* _TO DO_
Which lines of the records below contain the string "moreover"? Report each of them.

═════ SOURCE RECORDS

(* Let $\mathcal{D}$ be an abstract system of proof notations and $s\in\mathbb{N}$. If $\mathcal{D}$ is $s$-bounded and $d\in\mathbb{E}(\mathcal{D})$, then every $d'\in\mathbb{E}(\mathcal{D})$ with $d\to^\ast d'$ (reflexive transitive closure of $\to$ in $\mathbb{E}(\mathcal{D})$) satisfies $|d'|\le\vartheta_d(s)$; i.e. the set $\{d'\in\mathbb{E}(\mathcal{D}): d\to^\ast d'\}$ is $\vartheta_d(s)$-bounded.
   Context: An abstract system of proof notations is a set $\mathcal{D}$ with functions $|\cdot|,o(\cdot)\colon\mathcal{D}\to\mathbb{N}\setminus\{0\}$ (size and height) and a relation $\to\subseteq\mathcal{D}\times\mathcal{D}$ such that $d\to d'$ implies $o(d')<o(d)$. The cut-elimination closure $\mathbb{E}(\mathcal{D})$ is the abstract system of formal terms inductively generated by: every $d\in\mathcal{D}$ is in $\mathbb{E}(\mathcal{D})$ (with size and height inherited); if $d,e\in\mathbb{E}(\mathcal{D})$ then $\mathsf{I}d,\ \mathsf{R}de,\ \mathsf{E}d\in\mathbb{E}(\mathcal{D})$ ($\mathsf I,\mathsf R,\mathsf E$ new symbols), with $|\mathsf Id|=|d|+1$, $|\mathsf Rde|=|d|+|e|+1$, $|\mathsf Ed|=|d|+1$, $o(\mathsf Id)=o(d)$, $o(\mathsf Rde)=o(d)+o(e)$, $o(\mathsf Ed)=2^{o(d)}-1$. The relation $\to$ on $\mathbb{E}(\mathcal{D})$ is inductively generated by: $d\to d'$ in $\mathcal{D}$ implies $d\to d'$; $d\to d'$ implies $\mathsf Id\to\mathsf Id'$; $e\to e'$ implies $\mathsf Rde\to\mathsf Rde'$; $d\to d'$ implies $\mathsf Ed\to\mathsf Ed'$; $\mathsf Rde\to\mathsf Id$ always; and $d\to d'$ together with $d\to d''$ implies $\mathsf Ed\to\mathsf R(\mathsf Ed')(\mathsf Ed'')$. The size function $\vartheta_d\colon\mathbb{N}\to\mathbb{N}$ for $d\in\mathbb{E}(\mathcal{D})$ is defined by recursion: $\vartheta_d(s)=s$ for $d\in\mathcal{D}$; $\vartheta_{\mathsf Id}(s)=\vartheta_d(s)+1$; $\vartheta_{\mathsf Rde}(s)=\max\{|d|+1+\vartheta_e(s),\ \vartheta_d(s)+1\}$; $\vartheta_{\mathsf Ed}(s)=o(d)\cdot(\vartheta_d(s)+2)$. A set of notations is called $s$-bounded if all its elements have size at most $s$. *)

theory Defs
  imports Main
begin

definition abstract_system ::
  "'d set \<Rightarrow> ('d \<Rightarrow> nat) \<Rightarrow> ('d \<Rightarrow> nat) \<Rightarrow> ('d \<Rightarrow> 'd \<Rightarrow> bool) \<Rightarrow> bool" where
  "abstract_system D sz ht st \<longleftrightarrow>
     (\<forall>d\<in>D. sz d > 0 \<and> ht d > 0) \<and>
     (\<forall>d\<in>D. \<forall>d'\<in>D. st d d' \<longrightarrow> ht d' < ht d)"

datatype 'd eterm = Base 'd | I "'d eterm" | R "'d eterm" "'d eterm" | E "'d eterm"

inductive in_E :: "'d set \<Rightarrow> 'd eterm \<Rightarrow> bool" for D where
  base: "d \<in> D \<Longrightarrow> in_E D (Base d)"
| I: "in_E D d \<Longrightarrow> in_E D (I d)"
| R: "in_E D d \<Longrightarrow> in_E D e \<Longrightarrow> in_E D (R d e)"
| E: "in_E D d \<Longrightarrow> in_E D (E d)"

definition EE :: "'d set \<Rightarrow> 'd eterm set" where
  "EE D = {d. in_E D d}"

fun esize :: "('d \<Rightarrow> nat) \<Rightarrow> 'd eterm \<Rightarrow> nat" where
  "esize sz (Base d) = sz d"
| "esize sz (I d) = esize sz d + 1"
| "esize sz (R d e) = esize sz d + esize sz e + 1"
| "esize sz (E d) = esize sz d + 1"

fun eht :: "('d \<Rightarrow> nat) \<Rightarrow> 'd eterm \<Rightarrow> nat" where
  "eht ht (Base d) = ht d"
| "eht ht (I d) = eht ht d"
| "eht ht (R d e) = eht ht d + eht ht e"
| "eht ht (E d) = 2 ^ eht ht d - 1"

inductive estep :: "'d set \<Rightarrow> ('d \<Rightarrow> 'd \<Rightarrow> bool) \<Rightarrow> 'd eterm \<Rightarrow> 'd eterm \<Rightarrow> bool"
  for D st where
  base: "d \<in> D \<Longrightarrow> d' \<in> D \<Longrightarrow> st d d' \<Longrightarrow> estep D st (Base d) (Base d')"
| I: "estep D st d d' \<Longrightarrow> estep D st (I d) (I d')"
| R: "in_E D d \<Longrightarrow> estep D st e e' \<Longrightarrow> estep D st (R d e) (R d e')"
| E: "estep D st d d' \<Longrightarrow> estep D st (E d) (E d')"
| RI: "in_E D d \<Longrightarrow> in_E D e \<Longrightarrow> estep D st (R d e) (I d)"
| ER: "estep D st d d' \<Longrightarrow> estep D st d d'' \<Longrightarrow> estep D st (E d) (R (E d') (E d''))"

fun vartheta :: "('d \<Rightarrow> nat) \<Rightarrow> ('d \<Rightarrow> nat) \<Rightarrow> 'd eterm \<Rightarrow> nat \<Rightarrow> nat" where
  "vartheta sz ht (Base d) s = s"
| "vartheta sz ht (I d) s = vartheta sz ht d s + 1"
| "vartheta sz ht (R d e) s = max (esize sz d + 1 + vartheta sz ht e s) (vartheta sz ht d s + 1)"
| "vartheta sz ht (E d) s = eht ht d * (vartheta sz ht d s + 2)"

definition bounded :: "('a \<Rightarrow> nat) \<Rightarrow> 'a set \<Rightarrow> nat \<Rightarrow> bool" where
  "bounded sz A s \<longleftrightarrow> (\<forall>a\<in>A. sz a \<le> s)"

end

theory Submission
  imports Defs
begin

text \<open>Heights positive on \<open>\<D>\<close> stay positive on the closure, so \<open>|d| \<le> \<vartheta>\<^sub>d(s)\<close> holds for
  every term of the closure. A reduction step strictly lowers the height and never raises
  \<open>\<vartheta>\<close>. In the only delicate case, \<open>E d \<rightarrow> R (E d') (E d'')\<close>, the factor \<open>o(d)\<close> in
  \<open>\<vartheta>\<^bsub>E d\<^esub>(s) = o(d) (\<vartheta>\<^sub>d(s) + 2)\<close> pays for the extra size, because
  \<open>o(d'), o(d'') \<le> o(d) - 1\<close>; and \<open>2\<^sup>a - 1 + 2\<^sup>b - 1 < 2\<^sup>m - 1\<close> for \<open>a, b < m\<close> keeps the
  height decreasing.\<close>

lemma estep_in_E: "estep D st d d' \<Longrightarrow> in_E D d \<and> in_E D d'"
  by (induction rule: estep.induct) (auto intro: in_E.intros)

lemma eht_pos:
  assumes "\<forall>x\<in>D. 0 < ht x"
  shows "in_E D d \<Longrightarrow> 0 < eht ht d"
proof (induction rule: in_E.induct)
  case (E d)
  then have "(1::nat) < 2 ^ eht ht d" using one_less_power[of "2::nat"] by simp
  then show ?case by simp
qed (use assms in auto)

lemma esize_le_vartheta:
  assumes "\<forall>x\<in>D. 0 < ht x" and "bounded sz D s"
  shows "in_E D d \<Longrightarrow> esize sz d \<le> vartheta sz ht d s"
proof (induction rule: in_E.induct)
  case (base d)
  then show ?case using assms(2) by (simp add: bounded_def)
next
  case (E d)
  have "vartheta sz ht d s + 2 \<le> eht ht d * (vartheta sz ht d s + 2)"
    using eht_pos[OF assms(1) E(1)] mult_le_mono1[of 1 "eht ht d"] by (simp only: mult_1)
  then show ?case using E by simp
qed auto

lemma two_pow_minus_one_add_less:
  assumes "a < m" and "b < m"
  shows "(2::nat) ^ a - 1 + (2 ^ b - 1) < 2 ^ m - 1"
proof -
  have "(2::nat) ^ a \<le> 2 ^ (m - 1)" "(2::nat) ^ b \<le> 2 ^ (m - 1)"
    using assms by (auto intro: power_increasing)
  moreover have "(2::nat) ^ m = 2 * 2 ^ (m - 1)"
    using assms by (simp flip: power_Suc)
  moreover have "(1::nat) \<le> 2 ^ a" "(1::nat) \<le> 2 ^ b" by simp_all
  ultimately show ?thesis by linarith
qed

lemma estep_eht_less:
  assumes "abstract_system D sz ht st"
  shows "estep D st d d' \<Longrightarrow> eht ht d' < eht ht d"
proof (induction rule: estep.induct)
  case (base d d')
  then show ?case using assms by (simp add: abstract_system_def)
next
  case (E d d')
  have "(2::nat) ^ eht ht d' < 2 ^ eht ht d" using E.IH by simp
  moreover have "(1::nat) \<le> 2 ^ eht ht d'" by simp
  ultimately show ?case by (simp only: eht.simps)
next
  case (RI d e)
  have "\<forall>x\<in>D. 0 < ht x" using assms by (simp add: abstract_system_def)
  then have "0 < eht ht e" using eht_pos RI(2) by blast
  then show ?case by simp
next
  case (ER d d' d'')
  then show ?case using two_pow_minus_one_add_less[OF ER.IH] by (simp only: eht.simps)
qed simp_all

lemma estep_vartheta_le:
  assumes "abstract_system D sz ht st" and "bounded sz D s"
  shows "estep D st d d' \<Longrightarrow> vartheta sz ht d' s \<le> vartheta sz ht d s"
proof (induction rule: estep.induct)
  case (E d d')
  have "eht ht d' \<le> eht ht d" using estep_eht_less[OF assms(1) E(1)] by simp
  then have "eht ht d' * (vartheta sz ht d' s + 2) \<le> eht ht d * (vartheta sz ht d s + 2)"
    using E.IH by (intro mult_le_mono) simp_all
  then show ?case by (simp only: vartheta.simps)
next
  case (ER d d' d'')
  let ?v = "vartheta sz ht d s" and ?m = "eht ht d"
  have ht_pos: "\<forall>x\<in>D. 0 < ht x" using assms(1) by (simp add: abstract_system_def)
  have heights: "eht ht d' \<le> ?m - 1" "eht ht d'' \<le> ?m - 1"
    using estep_eht_less[OF assms(1) ER(1)] estep_eht_less[OF assms(1) ER(2)] by linarith+
  have "in_E D d" "in_E D d'" using estep_in_E[OF ER(1)] by simp_all
  have "esize sz d' \<le> ?v"
    using esize_le_vartheta[OF ht_pos assms(2) \<open>in_E D d'\<close>] ER.IH(1) by linarith
  moreover have "eht ht d'' * (vartheta sz ht d'' s + 2) \<le> (?m - 1) * (?v + 2)"
    using heights ER.IH(2) by (intro mult_le_mono) auto
  moreover have "eht ht d' * (vartheta sz ht d' s + 2) \<le> (?m - 1) * (?v + 2)"
    using heights ER.IH(1) by (intro mult_le_mono) auto
  moreover have "?m * (?v + 2) = (?m - 1) * (?v + 2) + (?v + 2)"
    using eht_pos[OF ht_pos \<open>in_E D d\<close>] by (metis Suc_diff_1 add.commute mult_Suc)
  ultimately show ?case
    unfolding vartheta.simps esize.simps max.bounded_iff by linarith
qed auto

lemma rtranclp_estep_vartheta_le:
  assumes "abstract_system D sz ht st" and "bounded sz D s"
  shows "(estep D st)\<^sup>*\<^sup>* d d' \<Longrightarrow> vartheta sz ht d' s \<le> vartheta sz ht d s"
  by (induction rule: rtranclp_induct)
    (use estep_vartheta_le[OF assms] in fastforce)+

theorem mainTheorem6:
  fixes D :: "'d set" and sz ht :: "'d \<Rightarrow> nat" and st :: "'d \<Rightarrow> 'd \<Rightarrow> bool"
    and s :: nat and d :: "'d eterm"
  assumes "abstract_system D sz ht st"
    and "bounded sz D s"
    and "d \<in> EE D"
  shows "bounded (esize sz) {d' \<in> EE D. (estep D st)\<^sup>*\<^sup>* d d'} (vartheta sz ht d s)"
  unfolding bounded_def
proof
  fix d' assume "d' \<in> {d' \<in> EE D. (estep D st)\<^sup>*\<^sup>* d d'}"
  then have "in_E D d'" and reduct: "(estep D st)\<^sup>*\<^sup>* d d'" by (simp_all add: EE_def)
  have "\<forall>x\<in>D. 0 < ht x" using assms(1) by (simp add: abstract_system_def)
  then have "esize sz d' \<le> vartheta sz ht d' s"
    using esize_le_vartheta assms(2) \<open>in_E D d'\<close> by blast
  also have "\<dots> \<le> vartheta sz ht d s"
    using rtranclp_estep_vartheta_le[OF assms(1,2) reduct] .
  finally show "esize sz d' \<le> vartheta sz ht d s" .
qed

end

══════════

* _SOLUTION TO THE PROBLEM_
  moreover have "(2::nat) ^ m = 2 * 2 ^ (m - 1)"
  moreover have "(1::nat) \<le> 2 ^ a" "(1::nat) \<le> 2 ^ b" by simp_all
  moreover have "(1::nat) \<le> 2 ^ eht ht d'" by simp
  moreover have "eht ht d'' * (vartheta sz ht d'' s + 2) \<le> (?m - 1) * (?v + 2)"
  moreover have "eht ht d' * (vartheta sz ht d' s + 2) \<le> (?m - 1) * (?v + 2)"
  moreover have "?m * (?v + 2) = (?m - 1) * (?v + 2) + (?v + 2)"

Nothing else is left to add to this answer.